▶ _EXERCISE_: From the line containing "using wh_constraint_split zero_le_power2[of sp]" through the last line of the entries, set down every line exactly and add nothing.

Segment Start: DATASET

(* Let $(\Sigma_+,\Sigma_-,N_1,N_2,N_3)$ be a solution of the Wainwright–Hsu system satisfying the constraint, with $N_1<0$ and $N_2,N_3>0$. Then for every $\epsilon>0$ there is $T$ such that $\Sigma_+(\tau)\leq\frac12+\epsilon$ for all $\tau\geq T$.
   Context: Wainwright–Hsu system: for functions $N_1,N_2,N_3,\Sigma_+,\Sigma_-$ of $\tau\in\mathbb{R}$ (prime denotes $d/d\tau$), $N_1'=(q-4\Sigma_+)N_1$, $N_2'=(q+2\Sigma_++2\sqrt3\Sigma_-)N_2$, $N_3'=(q+2\Sigma_+-2\sqrt3\Sigma_-)N_3$, $\Sigma_+'=-(2-q)\Sigma_+-3S_+$, $\Sigma_-'=-(2-q)\Sigma_--3S_-$, where $q=2(\Sigma_+^2+\Sigma_-^2)$, $S_+=\frac12[(N_2-N_3)^2-N_1(2N_1-N_2-N_3)]$, $S_-=\frac{\sqrt3}{2}(N_3-N_2)(N_1-N_2-N_3)$, together with the constraint $\Sigma_+^2+\Sigma_-^2+\frac34[N_1^2+N_2^2+N_3^2-2(N_1N_2+N_2N_3+N_1N_3)]=1$. Solutions with these sign conditions exist for all $\tau\in\mathbb{R}$. *)

theory Defs
  imports "HOL-Analysis.Analysis"
begin

definition wh_q :: "real \<Rightarrow> real \<Rightarrow> real" where
  "wh_q sp sm = 2 * (sp^2 + sm^2)"

definition wh_Sp :: "real \<Rightarrow> real \<Rightarrow> real \<Rightarrow> real" where
  "wh_Sp n1 n2 n3 = (1/2) * ((n2 - n3)^2 - n1 * (2*n1 - n2 - n3))"

definition wh_Sm :: "real \<Rightarrow> real \<Rightarrow> real \<Rightarrow> real" where
  "wh_Sm n1 n2 n3 = (sqrt 3 / 2) * (n3 - n2) * (n1 - n2 - n3)"

definition wh_solution ::
  "(real \<Rightarrow> real) \<Rightarrow> (real \<Rightarrow> real) \<Rightarrow> (real \<Rightarrow> real) \<Rightarrow> (real \<Rightarrow> real) \<Rightarrow> (real \<Rightarrow> real) \<Rightarrow> bool"
where
  "wh_solution N1 N2 N3 Sp Sm \<longleftrightarrow>
    (\<forall>t. (N1 has_real_derivative ((wh_q (Sp t) (Sm t) - 4 * Sp t) * N1 t)) (at t) \<and>
         (N2 has_real_derivative ((wh_q (Sp t) (Sm t) + 2 * Sp t + 2 * sqrt 3 * Sm t) * N2 t)) (at t) \<and>
         (N3 has_real_derivative ((wh_q (Sp t) (Sm t) + 2 * Sp t - 2 * sqrt 3 * Sm t) * N3 t)) (at t) \<and>
         (Sp has_real_derivative (- (2 - wh_q (Sp t) (Sm t)) * Sp t - 3 * wh_Sp (N1 t) (N2 t) (N3 t))) (at t) \<and>
         (Sm has_real_derivative (- (2 - wh_q (Sp t) (Sm t)) * Sm t - 3 * wh_Sm (N1 t) (N2 t) (N3 t))) (at t) \<and>
         (Sp t)^2 + (Sm t)^2 + (3/4) * ((N1 t)^2 + (N2 t)^2 + (N3 t)^2
            - 2 * (N1 t * N2 t + N2 t * N3 t + N1 t * N3 t)) = 1)"

end

theory Submission
  imports Defs
begin

(* The product |N1 N2 N3| satisfies (ln |N1 N2 N3|)' = 3 q >= 0, and q >= 1/2 wherever Sp >= 1/2.
   Since Sp' is bounded, each time Sp exceeds 1/2 + e it has been above 1/2 for a time of order e;
   if this happens at arbitrarily late times, |N1 N2 N3| therefore tends to infinity. The constraint
   bounds N1^2 N2 N3, so then eventually -N1 <= (e/2) (N2 + N3), and from that point on Sp' < 0
   wherever Sp >= 1/2 + e: Sp can no longer cross 1/2 + e upwards. It does get below 1/2 + e,
   since otherwise N1^2 N2 N3 would be nondecreasing and Sp' <= -6 e N1^2 N2 N3 would push Sp
   below -1. *)

lemma DERIV_mult_rates:
  fixes f g :: "'a::real_normed_field \<Rightarrow> 'a"
  assumes "(f has_field_derivative a * f x) (at x)" and "(g has_field_derivative b * g x) (at x)"
  shows "((\<lambda>x. f x * g x) has_field_derivative (a + b) * (f x * g x)) (at x)"
  by (rule DERIV_cong[OF DERIV_mult[OF assms]]) (simp add: algebra_simps)

lemma DERIV_ge_imp_diff_ge:
  fixes f f' :: "real \<Rightarrow> real"
  assumes "a \<le> b"
    and "\<And>t. a \<le> t \<Longrightarrow> t \<le> b \<Longrightarrow> (f has_real_derivative f' t) (at t)"
    and "\<And>t. a \<le> t \<Longrightarrow> t \<le> b \<Longrightarrow> k \<le> f' t"
  shows "k * (b - a) \<le> f b - f a"
proof (cases "a = b")
  case False
  with assms obtain z where "a < z" "z < b" "f b - f a = (b - a) * f' z"
    using MVT2[of a b f f'] by force
  with assms show ?thesis by (simp add: mult.commute mult_left_mono)
qed simp

lemma DERIV_le_imp_diff_le:
  fixes f f' :: "real \<Rightarrow> real"
  assumes "a \<le> b"
    and "\<And>t. a \<le> t \<Longrightarrow> t \<le> b \<Longrightarrow> (f has_real_derivative f' t) (at t)"
    and "\<And>t. a \<le> t \<Longrightarrow> t \<le> b \<Longrightarrow> f' t \<le> k"
  shows "f b - f a \<le> k * (b - a)"
proof -
  have "(- k) * (b - a) \<le> (- f b) - (- f a)"
    by (rule DERIV_ge_imp_diff_ge[where f' = "\<lambda>t. - f' t"]) (use assms in \<open>auto intro: DERIV_minus\<close>)
  then show ?thesis by simp
qed

lemma DERIV_neg_above_imp_stays_below:
  fixes g g' :: "real \<Rightarrow> real"
  assumes der: "\<And>t. (g has_real_derivative g' t) (at t)"
    and neg: "\<And>t. T \<le> t \<Longrightarrow> c \<le> g t \<Longrightarrow> g' t < 0"
    and t0: "T \<le> t0" "g t0 \<le> c" and "t0 \<le> t"
  shows "g t \<le> c"
proof (rule ccontr)
  assume above: "\<not> g t \<le> c"
  define S where "S = {t0..t} \<inter> {x. g x \<le> c}"
  have "continuous_on UNIV g"
    using der by (meson DERIV_isCont continuous_at_imp_continuous_on)
  then have "closed {x. g x \<le> c}"
    by (intro closed_Collect_le) auto
  then have "compact S" unfolding S_def by (intro compact_Int_closed) auto
  moreover have "t0 \<in> S" using t0 \<open>t0 \<le> t\<close> unfolding S_def by auto
  ultimately obtain s where s: "s \<in> S" "\<forall>x\<in>S. x \<le> s"
    using compact_attains_sup by blast
  have "s < t" using s above unfolding S_def by (auto simp: less_le)
  then obtain z where z: "s < z" "z < t" "g t - g s = (t - s) * g' z"
    using MVT2[of s t g g'] der by blast
  have "z \<notin> S" using s z by auto
  then have "c < g z" using s z unfolding S_def by auto
  then have "g' z < 0" using neg s z t0 unfolding S_def by auto
  then have "(t - s) * g' z < 0" using z by (simp add: mult_pos_neg)
  moreover have "g s \<le> c" using s unfolding S_def by auto
  ultimately show False using z above by linarith
qed

lemma filterlim_at_top_if_recurrent_increments:
  fixes f :: "real \<Rightarrow> real"
  assumes mono: "mono f" and "0 < \<delta>"
    and recurrent: "\<And>T. \<exists>\<tau>\<ge>T. f (\<tau> - h) + \<delta> \<le> f \<tau>"
  shows "filterlim f at_top at_top"
proof -
  have reach: "\<exists>t. f 0 + real n * \<delta> \<le> f t" for n
  proof (induction n)
    case (Suc n)
    then obtain t where t: "f 0 + real n * \<delta> \<le> f t" by blast
    obtain \<tau> where \<tau>: "t + h \<le> \<tau>" "f (\<tau> - h) + \<delta> \<le> f \<tau>"
      using recurrent by blast
    have "f t \<le> f (\<tau> - h)" using \<tau>(1) mono by (simp add: monoD)
    with t \<tau>(2) show ?case by (intro exI[of _ \<tau>]) (simp add: algebra_simps)
  qed auto
  show ?thesis
    unfolding filterlim_at_top eventually_at_top_linorder
  proof
    fix M
    obtain n where "M - f 0 < real n * \<delta>"
      using reals_Archimedean3[OF \<open>0 < \<delta>\<close>] by blast
    moreover obtain t where "f 0 + real n * \<delta> \<le> f t" using reach by blast
    ultimately have "M \<le> f t" by linarith
    then show "\<exists>t. \<forall>s\<ge>t. M \<le> f s"
      using mono by (meson monoD order.trans)
  qed
qed

lemma four_sq_mult_le_sq_mult_add:
  fixes n1 n2 n3 :: real
  shows "4 * (n1^2 * n2 * n3) \<le> ((- n1) * (n2 + n3))^2"
proof -
  have "4 * (n2 * n3) \<le> (n2 + n3)^2"
    using zero_le_power2[of "n2 - n3"] by (simp add: power2_eq_square algebra_simps)
  then have "n1^2 * (4 * (n2 * n3)) \<le> n1^2 * (n2 + n3)^2"
    by (simp add: mult_left_mono)
  moreover have "((- n1) * (n2 + n3))^2 = n1^2 * (n2 + n3)^2"
    by (simp add: power_mult_distrib)
  ultimately show ?thesis by simp
qed

definition wh_constraint :: "real \<Rightarrow> real \<Rightarrow> real \<Rightarrow> real \<Rightarrow> real \<Rightarrow> bool" where
  "wh_constraint sp sm n1 n2 n3 \<longleftrightarrow>
    sp^2 + sm^2 + (3/4) * (n1^2 + n2^2 + n3^2 - 2 * (n1 * n2 + n2 * n3 + n1 * n3)) = 1"

definition wh_Sp_field :: "real \<Rightarrow> real \<Rightarrow> real \<Rightarrow> real \<Rightarrow> real \<Rightarrow> real" where
  "wh_Sp_field sp sm n1 n2 n3 = - (2 - wh_q sp sm) * sp - 3 * wh_Sp n1 n2 n3"

context
  fixes sp sm n1 n2 n3 :: real
  assumes constraint: "wh_constraint sp sm n1 n2 n3"
    and signs: "n1 \<le> 0" "0 \<le> n2" "0 \<le> n3"
begin

lemma wh_constraint_split:
  "sp^2 + sm^2 + (3/4) * (n2 - n3)^2 + (3/4) * n1^2 + (3/2) * ((- n1) * (n2 + n3)) = 1"
  using constraint unfolding wh_constraint_def by (simp add: power2_eq_square algebra_simps)

lemma wh_sum_sq_Sigma_le_1: "sp^2 + sm^2 \<le> 1"
proof -
  have "0 \<le> (- n1) * (n2 + n3)" using signs by (simp add: mult_nonpos_nonneg)
  then show ?thesis
    using wh_constraint_split zero_le_power2[of "n2 - n3"] zero_le_power2[of n1] by linarith
qed

lemma wh_abs_Sp_le_1: "\<bar>sp\<bar> \<le> 1"
proof -
  have "sp^2 \<le> 1" using wh_sum_sq_Sigma_le_1 zero_le_power2[of sm] by linarith
  then show ?thesis by (simp add: abs_square_le_1)
qed

lemma wh_mixed_term_le: "(- n1) * (n2 + n3) \<le> 2/3"
  using wh_constraint_split zero_le_power2[of sp] zero_le_power2[of sm]
    zero_le_power2[of "n2 - n3"] zero_le_power2[of n1]
  by linarith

Segment End: DATASET

▶ _TASK RESULT_:
  using wh_constraint_split zero_le_power2[of sp] zero_le_power2[of sm]
    zero_le_power2[of "n2 - n3"] zero_le_power2[of n1]
  by linarith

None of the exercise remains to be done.